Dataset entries
....

(* Assume the standing assumptions below hold and that $f(\cdot,0)$ satisfies the $\delta$-RIP$_{2r,2r}$ property with $\delta<1/3$. Let $\epsilon$ satisfy $0\le \epsilon<\frac{1/3-\delta}{\zeta_2}$ (interpreted as $\epsilon\in[0,\infty)$ when $\zeta_2=0$), and let $w\in\mathbb R^m$ satisfy $\|w\|_2\le\epsilon$. Then every local minimizer $\hat X\in\mathbb R^{n\times r}$ of $X\mapsto h(X,w)$ satisfies $$\|\hat X\hat X^\top-M^*\|_F\le \frac{2\zeta_1\epsilon}{1-3(\delta+\zeta_2\epsilon)}.$$ (Consequently, if $w$ is random, this holds for all local minimizers with probability at least $\mathbb P(\|w\|_2\le\epsilon)$.)
   Context: Standing assumptions. Let $n,r,m$ be positive integers, $r\le n$. Let $f:\mathbb R^{n\times n}\times\mathbb R^m\to\mathbb R$, $(M,w)\mapsto f(M,w)$, be twice continuously differentiable in its first argument $M$ for each fixed $w$, with gradient $\nabla_M f(M,w)\in\mathbb R^{n\times n}$ symmetric for all $M,w$. The Hessian is the bilinear form $[\nabla^2_M f(M,w)](K,L)=\sum_{i,j,k,l=1}^n\frac{\partial^2 f}{\partial M_{ij}\partial M_{kl}}(M,w)K_{ij}L_{kl}$. RIP: $f(\cdot,0)$ satisfies the $\delta$-RIP$_{2r,2r}$ property ($\delta\in[0,1)$) if $(1-\delta)\|N\|_F^2\le[\nabla^2_M f(M,0)](N,N)\le(1+\delta)\|N\|_F^2$ for all $M,N\in\mathbb R^{n\times n}$ with $\mathrm{rank}(M)\le 2r$, $\mathrm{rank}(N)\le 2r$. Noise assumption: there are constants $\zeta_1,\zeta_2\ge0$ such that for all $w\in\mathbb R^m$ and all $M,K,L\in\mathbb R^{n\times n}$ of rank at most $2r$: $|\langle\nabla_M f(M,w)-\nabla_M f(M,0),K\rangle|\le\zeta_1\|w\|_2\|K\|_F$ and $|[\nabla^2_M f(M,w)-\nabla^2_M f(M,0)](K,L)|\le\zeta_2\|w\|_2\|K\|_F\|L\|_F$. Here $\langle A,B\rangle=\mathrm{tr}(A^\top B)$. Ground truth: $M^*\in\mathbb R^{n\times n}$ is symmetric positive semidefinite of rank $r$, minimizes $f(\cdot,0)$ over PSD matrices of rank at most $r$, and satisfies $\nabla_M f(M^*,0)=0$. Define $h(X,w)=f(XX^\top,w)$ for $X\in\mathbb R^{n\times r}$; a local minimizer of $h(\cdot,w)$ means a local minimizer of the unconstrained function $X\mapsto h(X,w)$ on $\mathbb R^{n\times r}$ with $w$ fixed. *)

theory Defs
  imports "HOL-Analysis.Analysis"
begin

end

theory Submission
  imports Defs
begin

text \<open>Write \<open>M = X X\<^sup>T\<close> for the local minimiser \<open>X\<close>, \<open>E = M - M\<^sup>*\<close> and \<open>d = \<delta> + \<zeta>\<^sub>2 \<epsilon>\<close>;
  by the noise assumption the Hessian at noise \<open>w\<close> still satisfies the RIP with constant \<open>d\<close>.
  First-order stationarity gives \<open>\<nabla>f(M,w) X = 0\<close>, so \<open>\<langle>\<nabla>f(M,w), M\<rangle> = 0\<close>; the mean value theorem
  on the segment from \<open>M\<^sup>*\<close> to \<open>M\<close>, together with \<open>\<nabla>f(M\<^sup>*,0) = 0\<close>, then yields
  \<open>(1 - d) \<parallel>E\<parallel>\<^sup>2 - \<zeta>\<^sub>1 \<epsilon> \<parallel>E\<parallel> \<le> -\<langle>\<nabla>f(M,w), M\<^sup>*\<rangle>\<close>.
  The second-order condition in the directions \<open>y v\<^sup>T\<close>, with \<open>v\<close> a least right singular vector of \<open>X\<close>
  (\<open>\<lambda> = \<parallel>X v\<parallel>\<^sup>2\<close>) and \<open>y \<bottom> range X\<close>, shows \<open>\<nabla>f(M,w) + (1 + d) \<lambda> (I - P) \<succeq> 0\<close> for the
  projection \<open>P\<close> onto the range of \<open>X\<close>; pairing with \<open>M\<^sup>* \<succeq> 0\<close> and the estimate
  \<open>2 \<lambda> \<langle>I - P, M\<^sup>*\<rangle> \<le> \<parallel>E\<parallel>\<^sup>2\<close> gives \<open>-\<langle>\<nabla>f(M,w), M\<^sup>*\<rangle> \<le> (1 + d)/2 \<parallel>E\<parallel>\<^sup>2\<close>.
  Adding the two bounds leaves \<open>(1 - 3d) \<parallel>E\<parallel>\<^sup>2 \<le> 2 \<zeta>\<^sub>1 \<epsilon> \<parallel>E\<parallel>\<close>.\<close>

definition outer :: "real^'a \<Rightarrow> real^'b \<Rightarrow> real^'b^'a" where
  "outer x y = (\<chi> i j. x$i * y$j)"

definition psd :: "real^'n^'n \<Rightarrow> bool" where
  "psd A \<longleftrightarrow> (\<forall>x. 0 \<le> x \<bullet> (A *v x))"

lemma inner_matrix_eq_sum: "inner (A::real^'n^'m) B = (\<Sum>i\<in>UNIV. \<Sum>j\<in>UNIV. A$i$j * B$i$j)"
  by (simp add: inner_vec_def)

lemma inner_matrix_vector_eq_sum:
  "(x::real^'m) \<bullet> ((A::real^'n^'m) *v y) = (\<Sum>i\<in>UNIV. \<Sum>j\<in>UNIV. x$i * A$i$j * y$j)"
  by (simp add: inner_vec_def matrix_vector_mult_def sum_distrib_left mult.assoc)

lemma inner_outer_right: "inner (A::real^'n^'m) (outer x y) = x \<bullet> (A *v y)"
  unfolding inner_matrix_eq_sum inner_matrix_vector_eq_sum outer_def
  by (simp add: mult.commute mult.left_commute)

lemma inner_outer_outer: "inner (outer (a::real^'n) (b::real^'m)) (outer c d) = (a \<bullet> c) * (b \<bullet> d)"
proof -
  have "inner (outer a b) (outer c d) = (\<Sum>i\<in>UNIV. \<Sum>j\<in>UNIV. (a$i * c$i) * (b$j * d$j))"
    unfolding inner_matrix_eq_sum outer_def by (simp add: mult.commute mult.left_commute)
  also have "\<dots> = (a \<bullet> c) * (b \<bullet> d)" by (simp add: inner_vec_def sum_product)
  finally show ?thesis .
qed

lemma transpose_outer: "transpose (outer a b) = outer b a"
  by (simp add: vec_eq_iff transpose_def outer_def mult.commute)

lemma matrix_mult_transpose_outer: "(X::real^'r^'n) ** transpose (outer y v) = outer (X *v v) y"
  by (simp add: vec_eq_iff matrix_matrix_mult_def transpose_def outer_def matrix_vector_mult_def
      sum_distrib_left mult.commute mult.left_commute)

lemma outer_mult_transpose: "outer y v ** transpose (X::real^'r^'n) = outer y (X *v v)"
  using arg_cong[OF matrix_mult_transpose_outer[of X y v], of transpose]
  by (simp add: matrix_transpose_mul transpose_outer)

lemma outer_mult_transpose_outer:
  "outer (y::real^'n) (v::real^'r) ** transpose (outer y' v) = (v \<bullet> v) *\<^sub>R outer y y'"
  by (simp add: vec_eq_iff matrix_matrix_mult_def transpose_def outer_def inner_vec_def
      sum_distrib_left sum_distrib_right mult.commute mult.left_commute)

lemma quadratic_form_outer: "x \<bullet> (outer c c *v x) = (x \<bullet> c)\<^sup>2"
  using inner_outer_right[of "outer c c" x x] inner_outer_outer[of c c x x]
  by (simp add: inner_outer_right power2_eq_square inner_commute)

....

* TASK OBJECTIVE
Set down, exactly as they appear above, all lines from the one that has "by the noise" down to the one that has "((A::real^'n^'m) *v y)", including those two and no others.

* EXERCISE ANSWER
  by the noise assumption the Hessian at noise \<open>w\<close> still satisfies the RIP with constant \<open>d\<close>.
  First-order stationarity gives \<open>\<nabla>f(M,w) X = 0\<close>, so \<open>\<langle>\<nabla>f(M,w), M\<rangle> = 0\<close>; the mean value theorem
  on the segment from \<open>M\<^sup>*\<close> to \<open>M\<close>, together with \<open>\<nabla>f(M\<^sup>*,0) = 0\<close>, then yields
  \<open>(1 - d) \<parallel>E\<parallel>\<^sup>2 - \<zeta>\<^sub>1 \<epsilon> \<parallel>E\<parallel> \<le> -\<langle>\<nabla>f(M,w), M\<^sup>*\<rangle>\<close>.
  The second-order condition in the directions \<open>y v\<^sup>T\<close>, with \<open>v\<close> a least right singular vector of \<open>X\<close>
  (\<open>\<lambda> = \<parallel>X v\<parallel>\<^sup>2\<close>) and \<open>y \<bottom> range X\<close>, shows \<open>\<nabla>f(M,w) + (1 + d) \<lambda> (I - P) \<succeq> 0\<close> for the
  projection \<open>P\<close> onto the range of \<open>X\<close>; pairing with \<open>M\<^sup>* \<succeq> 0\<close> and the estimate
  \<open>2 \<lambda> \<langle>I - P, M\<^sup>*\<rangle> \<le> \<parallel>E\<parallel>\<^sup>2\<close> gives \<open>-\<langle>\<nabla>f(M,w), M\<^sup>*\<rangle> \<le> (1 + d)/2 \<parallel>E\<parallel>\<^sup>2\<close>.
  Adding the two bounds leaves \<open>(1 - 3d) \<parallel>E\<parallel>\<^sup>2 \<le> 2 \<zeta>\<^sub>1 \<epsilon> \<parallel>E\<parallel>\<close>.\<close>

definition outer :: "real^'a \<Rightarrow> real^'b \<Rightarrow> real^'b^'a" where
  "outer x y = (\<chi> i j. x$i * y$j)"

definition psd :: "real^'n^'n \<Rightarrow> bool" where
  "psd A \<longleftrightarrow> (\<forall>x. 0 \<le> x \<bullet> (A *v x))"

lemma inner_matrix_eq_sum: "inner (A::real^'n^'m) B = (\<Sum>i\<in>UNIV. \<Sum>j\<in>UNIV. A$i$j * B$i$j)"
  by (simp add: inner_vec_def)

lemma inner_matrix_vector_eq_sum:
  "(x::real^'m) \<bullet> ((A::real^'n^'m) *v y) = (\<Sum>i\<in>UNIV. \<Sum>j\<in>UNIV. x$i * A$i$j * y$j)"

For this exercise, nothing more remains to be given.